Comment by 10000truths
1 year ago
The pipeline syntax as presented is nicer than the status quo, but I'd prefer a syntax that models query execution as a directed graph of operations. Doing so would not only make some of the more complex SQL query constructs much more straightforward to represent:
* Joins can be modelled as a "cross-referencing" operation that consume two (or more) data streams and produce a single data stream
* CTEs can be modelled as producing multiple data streams
* Recursive CTEs can be modelled as cycles in the execution graph
> a directed graph of operations
What syntax do you know that can represent a dag in text?
Something like the DOT language used in GraphViz
https://graphviz.org/doc/info/lang.html
Yes DOT (and the other UML whatever languages) are absolutely the only extant examples that make an attempt.

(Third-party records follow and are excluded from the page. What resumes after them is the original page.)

(* Let $\mathcal{A}\subset\mathcal{B}\subset\mathcal{N}=\{1,\dots,N\}$ and let $\gamma,\ell,\kappa$ satisfy $$\tfrac12<\gamma\le 1,\qquad \ell\in\Big(0,2\cos^{-1}\big(\tfrac1\gamma-1\big)\Big),\qquad \kappa>\kappa_*(\gamma,\ell,D(\Omega_\mathcal{B})):=\frac{D(\Omega_\mathcal{B})}{\gamma\sin\ell-2(1-\gamma)\sin\frac{\ell}{2}}.$$ Let $\Theta$ be a solution of the Kuramoto model such that $\Theta_\mathcal{A}$ is a $\gamma$-ensemble of arclength $\le\ell$ at time $0$; replace each $\theta_i$, $i\in\mathcal{A}$, by its $2\pi$-shift realizing $D(\Theta_\mathcal{A}(0))\le\ell$ (this is again a solution). Then: (1) $\sup_{t\ge0}D(\Theta_\mathcal{A}(t))\le\ell$ and $\limsup_{t\to\infty}D(\Theta_\mathcal{A}(t))\le\phi_1(\gamma,\kappa,D(\Omega_\mathcal{B}))$; (2) $\sup_{t\ge0}D(\Theta_\mathcal{B}(t))<\infty$; (3) if in addition $$\frac{D(\Omega_\mathcal{B})}{\kappa}<\frac{(2\gamma-1)^{3/2}}{\sqrt{2\gamma}}\cdot\frac{2-\gamma}{\sqrt{\gamma/2}+(1-\gamma)},$$ then for $i,j\in\mathcal{A}$: if $\nu_i>\nu_j$, $$\frac{\nu_i-\nu_j}{\kappa}\le\liminf_{t\to\infty}(\theta_i(t)-\theta_j(t))\le\limsup_{t\to\infty}(\theta_i(t)-\theta_j(t))\le\frac{\pi}{2\sqrt2\,(\gamma\cos\phi_1-(1-\gamma))}\cdot\frac{\nu_i-\nu_j}{\kappa},$$ with $\phi_1=\phi_1(\gamma,\kappa,D(\Omega_\mathcal{B}))$; and if $\nu_i=\nu_j$, then $\lim_{t\to\infty}(\theta_i(t)-\theta_j(t))=0$.
   Context: Kuramoto model: for $N\ge2$, $\Omega=(\nu_1,\dots,\nu_N)\in\mathbb{R}^N$, $\kappa\ge0$, the phases $\Theta(t)=(\theta_1,\dots,\theta_N)\in\mathbb{R}^N$ satisfy $\dot\theta_i=\nu_i+\frac{\kappa}{N}\sum_{j=1}^N\sin(\theta_j-\theta_i)$. For $\mathcal{A}\subset\mathcal{N}=\{1,\dots,N\}$: $\Theta_\mathcal{A}=(\theta_i)_{i\in\mathcal{A}}$, $D(\Theta_\mathcal{A})=\max_{i,j\in\mathcal{A}}|\theta_i-\theta_j|$, $D(\Omega_\mathcal{A})=\max_{i,j\in\mathcal{A}}|\nu_i-\nu_j|$. For $\gamma\in(1/2,1]$: $\Theta_\mathcal{A}$ is a $\gamma$-ensemble if $|\mathcal{A}|/N\ge\gamma$; it is a $\gamma$-ensemble of arclength $\le\ell$ at time $t_0$ if moreover, after replacing some $\theta_i$ ($i\in\mathcal{A}$) by $\theta_i+2\pi m_i$ with $m_i\in\mathbb{Z}$, one has $D(\Theta_\mathcal{A}(t_0))\le\ell$. Let $f(\theta)=\gamma\sin\theta-2(1-\gamma)\sin\frac\theta2$. For $\kappa>0$ with $D(\Omega_\mathcal{B})/\kappa<\max_{[0,2\cos^{-1}((1-\gamma)/\gamma)]}f$, $\phi_1(\gamma,\kappa,D(\Omega_\mathcal{B}))$ denotes the smaller root of $f(\theta)=D(\Omega_\mathcal{B})/\kappa$ in $[0,2\cos^{-1}\frac{1-\gamma}{\gamma})$. *)

theory Defs
  imports "HOL-Analysis.Analysis"
begin

definition kuramoto_solution ::
  "nat \<Rightarrow> (nat \<Rightarrow> real) \<Rightarrow> real \<Rightarrow> (nat \<Rightarrow> real \<Rightarrow> real) \<Rightarrow> bool" where
  "kuramoto_solution N \<nu> \<kappa> \<theta> \<longleftrightarrow>
     (\<forall>i\<in>{1..N}. \<forall>t\<ge>0.
        ((\<theta> i) has_real_derivative
           (\<nu> i + \<kappa> / real N * (\<Sum>j=1..N. sin (\<theta> j t - \<theta> i t)))) (at t within {0..}))"

definition diam_idx :: "(nat \<Rightarrow> real) \<Rightarrow> nat set \<Rightarrow> real" where
  "diam_idx x A = Max {\<bar>x i - x j\<bar> | i j. i \<in> A \<and> j \<in> A}"

definition gamma_ensemble :: "nat \<Rightarrow> real \<Rightarrow> nat set \<Rightarrow> bool" where
  "gamma_ensemble N \<gamma> A \<longleftrightarrow> real (card A) / real N \<ge> \<gamma>"

definition f_gamma :: "real \<Rightarrow> real \<Rightarrow> real" where
  "f_gamma \<gamma> \<theta> = \<gamma> * sin \<theta> - 2 * (1 - \<gamma>) * sin (\<theta> / 2)"

definition phi1 :: "real \<Rightarrow> real \<Rightarrow> real \<Rightarrow> real" where
  "phi1 \<gamma> \<kappa> d = Inf {\<theta>. 0 \<le> \<theta> \<and> \<theta> < 2 * arccos ((1 - \<gamma>) / \<gamma>) \<and> f_gamma \<gamma> \<theta> = d / \<kappa>}"

end

theory Submission
  imports Defs
begin

(* If the phases of A lie on an arc of length D \<le> \<pi> whose end points are \<theta>_i and \<theta>_j, the at
   least \<gamma>N oscillators of A pull \<theta>_i - \<theta>_j together by at least sin D each, while every other
   oscillator pushes it apart by at most 2 sin (D/2); hence (\<theta>_i - \<theta>_j)' \<le> D(\<Omega>_B) - \<kappa> f(D).
   Since \<kappa> f(l) > D(\<Omega>_B), a first-crossing argument shows that the arc of length l is invariant
   and that every oscillator of B stays at bounded distance from A, and concavity of f on
   [\<phi>\<^sub>1, l] gives a uniform decay rate of the diameter down to any level above \<phi>\<^sub>1.
   Afterwards write
     (\<theta>_i - \<theta>_j)' = \<nu>_i - \<nu>_j - (2\<kappa>/N) sin ((\<theta>_i - \<theta>_j)/2) \<Sum>_k cos (\<theta>_k - (\<theta>_i + \<theta>_j)/2).
   Because \<phi>\<^sub>1 < arccos (1/\<gamma> - 1), the cosine sum is eventually at least
   N (\<gamma> cos \<phi>\<^sub>1 - (1 - \<gamma>)) > 0, which traps \<theta>_i - \<theta>_j between (\<nu>_i - \<nu>_j)/\<kappa> and the
   bound obtained from Jordan's inequality. *)

section \<open>Trigonometric estimates\<close>

lemma sin_add_2pi_int: "sin (x + 2 * pi * real_of_int n) = sin x"
  by (simp add: sin_add)

lemma sin_add_le:
  fixes a b :: real
  assumes "0 \<le> a" "0 \<le> b" "a + b \<le> pi"
  shows "sin (a + b) \<le> sin a + sin b"
proof -
  have "sin a \<ge> 0" "sin b \<ge> 0" using assms by (auto intro!: sin_ge_zero)
  hence "sin a * cos b \<le> sin a" "cos a * sin b \<le> sin b"
    using mult_left_le[of "cos b" "sin a"] mult_left_le[of "cos a" "sin b"] by (auto simp: mult.commute)
  thus ?thesis by (simp add: sin_add)
qed

lemma sin_diff_minus_sin_le_neg_sin:
  fixes \<delta> D :: real
  assumes "0 \<le> \<delta>" "\<delta> \<le> D" "D \<le> pi"
  shows "sin (\<delta> - D) - sin \<delta> \<le> - sin D"
proof -
  have "sin ((D - \<delta>) + \<delta>) \<le> sin (D - \<delta>) + sin \<delta>" using assms by (intro sin_add_le) auto
  moreover have "sin (\<delta> - D) = - sin (D - \<delta>)" by (metis minus_diff_eq sin_minus)
  ultimately show ?thesis by simp
qed

lemma sin_diff_minus_sin_le:
  fixes y D :: real
  assumes "0 \<le> D" "D \<le> 2 * pi"
  shows "sin (y - D) - sin y \<le> 2 * sin (D / 2)"
proof -
  have "sin (D/2) \<ge> 0" using assms by (intro sin_ge_zero) auto
  moreover have "sin (y - D) - sin y = - (2 * sin (D/2) * cos ((y - D + y) / 2))"
    by (simp add: sin_diff_sin)
  ultimately show ?thesis
    using mult_left_mono[of "- cos ((y - D + y) / 2)" 1 "sin (D/2)"] by (simp add: abs_le_iff)
qed

text \<open>Each oscillator of \<open>A\<close> contributes at most \<open>-sin D\<close>, every other one at most
  \<open>2 sin (D/2)\<close>; this is where \<open>f_gamma\<close> comes from.\<close>
lemma sum_sin_diff_minus_sin_le:
  fixes \<delta> :: "nat \<Rightarrow> real" and D \<gamma> :: real
  assumes A: "A \<subseteq> {1..N}" and D: "0 \<le> D" "D \<le> pi"
    and \<delta>: "\<And>k. k \<in> A \<Longrightarrow> 0 \<le> \<delta> k \<and> \<delta> k \<le> D"
    and card: "\<gamma> * real N \<le> real (card A)"
  shows "(\<Sum>k=1..N. sin (\<delta> k - D) - sin (\<delta> k)) \<le> - real N * f_gamma \<gamma> D"
proof -
  have fin: "finite {1..N}" by simp
  have cA: "card ({1..N} - A) = N - card A" "card A \<le> N"
    using A card_mono[OF fin A] by (auto simp: card_Diff_subset finite_subset)
  have sD: "0 \<le> sin D + 2 * sin (D/2)" using D by (auto intro!: add_nonneg_nonneg sin_ge_zero)
  have "(\<Sum>k=1..N. sin (\<delta> k - D) - sin (\<delta> k)) =
     (\<Sum>k\<in>A. sin (\<delta> k - D) - sin (\<delta> k)) + (\<Sum>k\<in>{1..N}-A. sin (\<delta> k - D) - sin (\<delta> k))"
    by (subst sum.subset_diff[OF A fin]) (simp add: add.commute)
  also have "\<dots> \<le> (\<Sum>k\<in>A. - sin D) + (\<Sum>k\<in>{1..N}-A. 2 * sin (D/2))"
    using \<delta> D by (intro add_mono sum_mono sin_diff_minus_sin_le_neg_sin sin_diff_minus_sin_le) auto
  also have "\<dots> = - real (card A) * (sin D + 2 * sin (D/2)) + real N * (2 * sin (D/2))"
    using cA by (simp add: of_nat_diff algebra_simps)
  also have "\<dots> \<le> - (\<gamma> * real N) * (sin D + 2 * sin (D/2)) + real N * (2 * sin (D/2))"
    using mult_right_mono[OF card sD] by simp
  also have "\<dots> = - real N * f_gamma \<gamma> D"
    unfolding f_gamma_def by (simp add: algebra_simps)
  finally show ?thesis .
qed

lemma cos_diff_le_abs: "cos (x::real) - cos y \<le> \<bar>x - y\<bar>"
proof -
  have "cos x - cos y = 2 * sin ((x + y) / 2) * sin ((y - x) / 2)" by (rule cos_diff_cos)
  also have "\<dots> \<le> \<bar>2 * sin ((x + y) / 2) * sin ((y - x) / 2)\<bar>" by simp
  also have "\<dots> \<le> 2 * 1 * \<bar>(y - x) / 2\<bar>"
    unfolding abs_mult by (intro mult_mono abs_sin_x_le_abs_x) auto
  finally show ?thesis by simp
qed

lemma sin_ge_chord_pi4:
  fixes z :: real
  assumes "0 \<le> z" "z \<le> pi/4"
  shows "2 * sqrt 2 / pi * z \<le> sin z"
proof -
  have "concave_on {0..pi/4} sin"
    by (rule f''_le0_imp_concave[where f' = cos and f'' = "\<lambda>x. - sin x"])
       (auto intro!: derivative_eq_intros sin_ge_zero)
  from concave_onD_Icc'[OF this, of z] assms
  have "sin z \<ge> (sin (pi/4) - sin 0) / (pi/4 - 0) * (z - 0) + sin 0" by simp
  thus ?thesis by (simp add: sin_45 field_simps)
qed

section \<open>The function \<open>f_gamma\<close> and its root \<open>phi1\<close>\<close>

lemma arccos_inv_minus_one:
  fixes \<gamma> :: real
  assumes "1/2 < \<gamma>" "\<gamma> \<le> 1"
  shows "0 < arccos (1/\<gamma> - 1)" "arccos (1/\<gamma> - 1) \<le> pi/2"
    and "\<gamma> * cos (arccos (1/\<gamma> - 1)) = 1 - \<gamma>"
proof -
  have c: "0 \<le> 1/\<gamma> - 1" "1/\<gamma> - 1 < 1" using assms by (auto simp: field_simps)
  thus "0 < arccos (1/\<gamma> - 1)" "arccos (1/\<gamma> - 1) \<le> pi/2"
    using arccos_lt_bounded[of "1/\<gamma> - 1"] arccos_le_pi2[of "1/\<gamma> - 1"] assms by auto
  show "\<gamma> * cos (arccos (1/\<gamma> - 1)) = 1 - \<gamma>" using c assms by (simp add: field_simps)
qed

lemma f_gamma_half_angle: "f_gamma \<gamma> \<theta> = 2 * sin (\<theta>/2) * (\<gamma> * cos (\<theta>/2) - (1 - \<gamma>))"
  using sin_double[of "\<theta>/2"] unfolding f_gamma_def by (simp add: algebra_simps)

lemma f_gamma_pos:
  assumes \<gamma>: "1/2 < \<gamma>" "\<gamma> \<le> 1" and x: "0 < x" "x < 2 * arccos (1/\<gamma> - 1)"
  shows "0 < f_gamma \<gamma> x"
proof -
  note c = arccos_inv_minus_one[OF \<gamma>]
  have "sin (x/2) > 0" using x c by (intro sin_gt_zero) auto
  moreover have "cos (arccos (1/\<gamma> - 1)) < cos (x/2)" using x c by (intro cos_monotone_0_pi) auto
  hence "\<gamma> * cos (x/2) - (1 - \<gamma>) > 0" using mult_strict_left_mono[of _ _ \<gamma>] \<gamma> c(3) by fastforce
  ultimately show ?thesis unfolding f_gamma_half_angle by simp
qed

lemma concave_on_f_gamma:
  assumes \<gamma>: "1/2 < \<gamma>" "\<gamma> \<le> 1"
  shows "concave_on {0..2 * arccos (1/\<gamma> - 1)} (f_gamma \<gamma>)"
proof (rule f''_le0_imp_concave[where f' = "\<lambda>x. \<gamma> * cos x - (1 - \<gamma>) * cos (x/2)"
      and f'' = "\<lambda>x. - \<gamma> * sin x + (1 - \<gamma>) / 2 * sin (x/2)"])
  fix x :: real
  show "(f_gamma \<gamma> has_real_derivative \<gamma> * cos x - (1 - \<gamma>) * cos (x/2)) (at x)"
    unfolding f_gamma_def[abs_def] by (auto intro!: derivative_eq_intros)
  show "((\<lambda>x. \<gamma> * cos x - (1 - \<gamma>) * cos (x/2)) has_real_derivative
      - \<gamma> * sin x + (1 - \<gamma>) / 2 * sin (x/2)) (at x)"
    by (auto intro!: derivative_eq_intros)
next
  fix x assume x: "x \<in> {0..2 * arccos (1/\<gamma> - 1)}"
  note c = arccos_inv_minus_one[OF \<gamma>]
  have sx: "sin (x/2) \<ge> 0" using x c by (intro sin_ge_zero) auto
  have "cos (x/2) \<ge> cos (arccos (1/\<gamma> - 1))" using x c by (intro cos_monotone_0_pi_le) auto
  hence "\<gamma> * cos (x/2) \<ge> 1 - \<gamma>" using mult_left_mono[of _ _ \<gamma>] \<gamma> c(3) by fastforce
  hence "sin (x/2) * ((1 - \<gamma>) / 2 - 2 * \<gamma> * cos (x/2)) \<le> 0"
    using \<gamma> sx by (intro mult_nonneg_nonpos) auto
  moreover have "sin x = 2 * sin (x/2) * cos (x/2)" using sin_double[of "x/2"] by simp
  ultimately show "- \<gamma> * sin x + (1 - \<gamma>) / 2 * sin (x/2) \<le> 0" by (simp add: algebra_simps)
qed (rule convex_real_interval)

But again, if you look at DOT you'll see it doesn't actually do anything syntactically - it just has syntax for edge lists.
Any syntax with a let operator to name stuff or a lambda abstraction.
That only gives you trees not DAGs - you can't do fan-in (there's no way to "share" let bound names).
2 replies →
A = select * from tbla
B = select * from tblb
C = select * from A join B
I guess CTEs already provide that (even if they're a bit clunky).
Yes we already have that, it's called `async def`.
Check out Substrait, it sounds like what you’re describing.